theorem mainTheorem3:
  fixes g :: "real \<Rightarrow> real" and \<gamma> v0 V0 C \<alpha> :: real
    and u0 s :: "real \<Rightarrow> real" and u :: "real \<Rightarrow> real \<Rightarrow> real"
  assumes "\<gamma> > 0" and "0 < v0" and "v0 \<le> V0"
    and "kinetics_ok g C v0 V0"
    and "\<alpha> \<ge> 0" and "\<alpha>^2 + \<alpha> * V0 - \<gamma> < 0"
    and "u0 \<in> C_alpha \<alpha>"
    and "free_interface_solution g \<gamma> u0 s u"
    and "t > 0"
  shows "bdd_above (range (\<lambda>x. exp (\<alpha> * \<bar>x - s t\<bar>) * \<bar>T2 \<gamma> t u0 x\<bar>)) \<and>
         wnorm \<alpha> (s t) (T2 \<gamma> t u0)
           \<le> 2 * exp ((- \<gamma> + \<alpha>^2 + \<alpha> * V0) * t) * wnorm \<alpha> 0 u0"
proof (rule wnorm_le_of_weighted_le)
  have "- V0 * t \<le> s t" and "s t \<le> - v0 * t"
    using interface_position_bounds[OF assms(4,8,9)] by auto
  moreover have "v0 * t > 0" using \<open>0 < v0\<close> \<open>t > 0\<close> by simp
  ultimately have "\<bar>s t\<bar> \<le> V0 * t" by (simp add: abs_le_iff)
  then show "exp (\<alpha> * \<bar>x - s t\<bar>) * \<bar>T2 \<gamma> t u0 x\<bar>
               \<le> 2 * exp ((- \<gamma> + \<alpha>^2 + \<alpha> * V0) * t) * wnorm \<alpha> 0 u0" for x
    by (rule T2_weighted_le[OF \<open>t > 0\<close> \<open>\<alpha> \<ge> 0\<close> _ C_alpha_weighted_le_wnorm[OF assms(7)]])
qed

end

Task goal: Go through the records from the first line and copy each one exactly, ending after the line that contains "g \<gamma> u0". Give nothing else.

Written response:
theorem mainTheorem3:
  fixes g :: "real \<Rightarrow> real" and \<gamma> v0 V0 C \<alpha> :: real
    and u0 s :: "real \<Rightarrow> real" and u :: "real \<Rightarrow> real \<Rightarrow> real"
  assumes "\<gamma> > 0" and "0 < v0" and "v0 \<le> V0"
    and "kinetics_ok g C v0 V0"
    and "\<alpha> \<ge> 0" and "\<alpha>^2 + \<alpha> * V0 - \<gamma> < 0"
    and "u0 \<in> C_alpha \<alpha>"
    and "free_interface_solution g \<gamma> u0 s u"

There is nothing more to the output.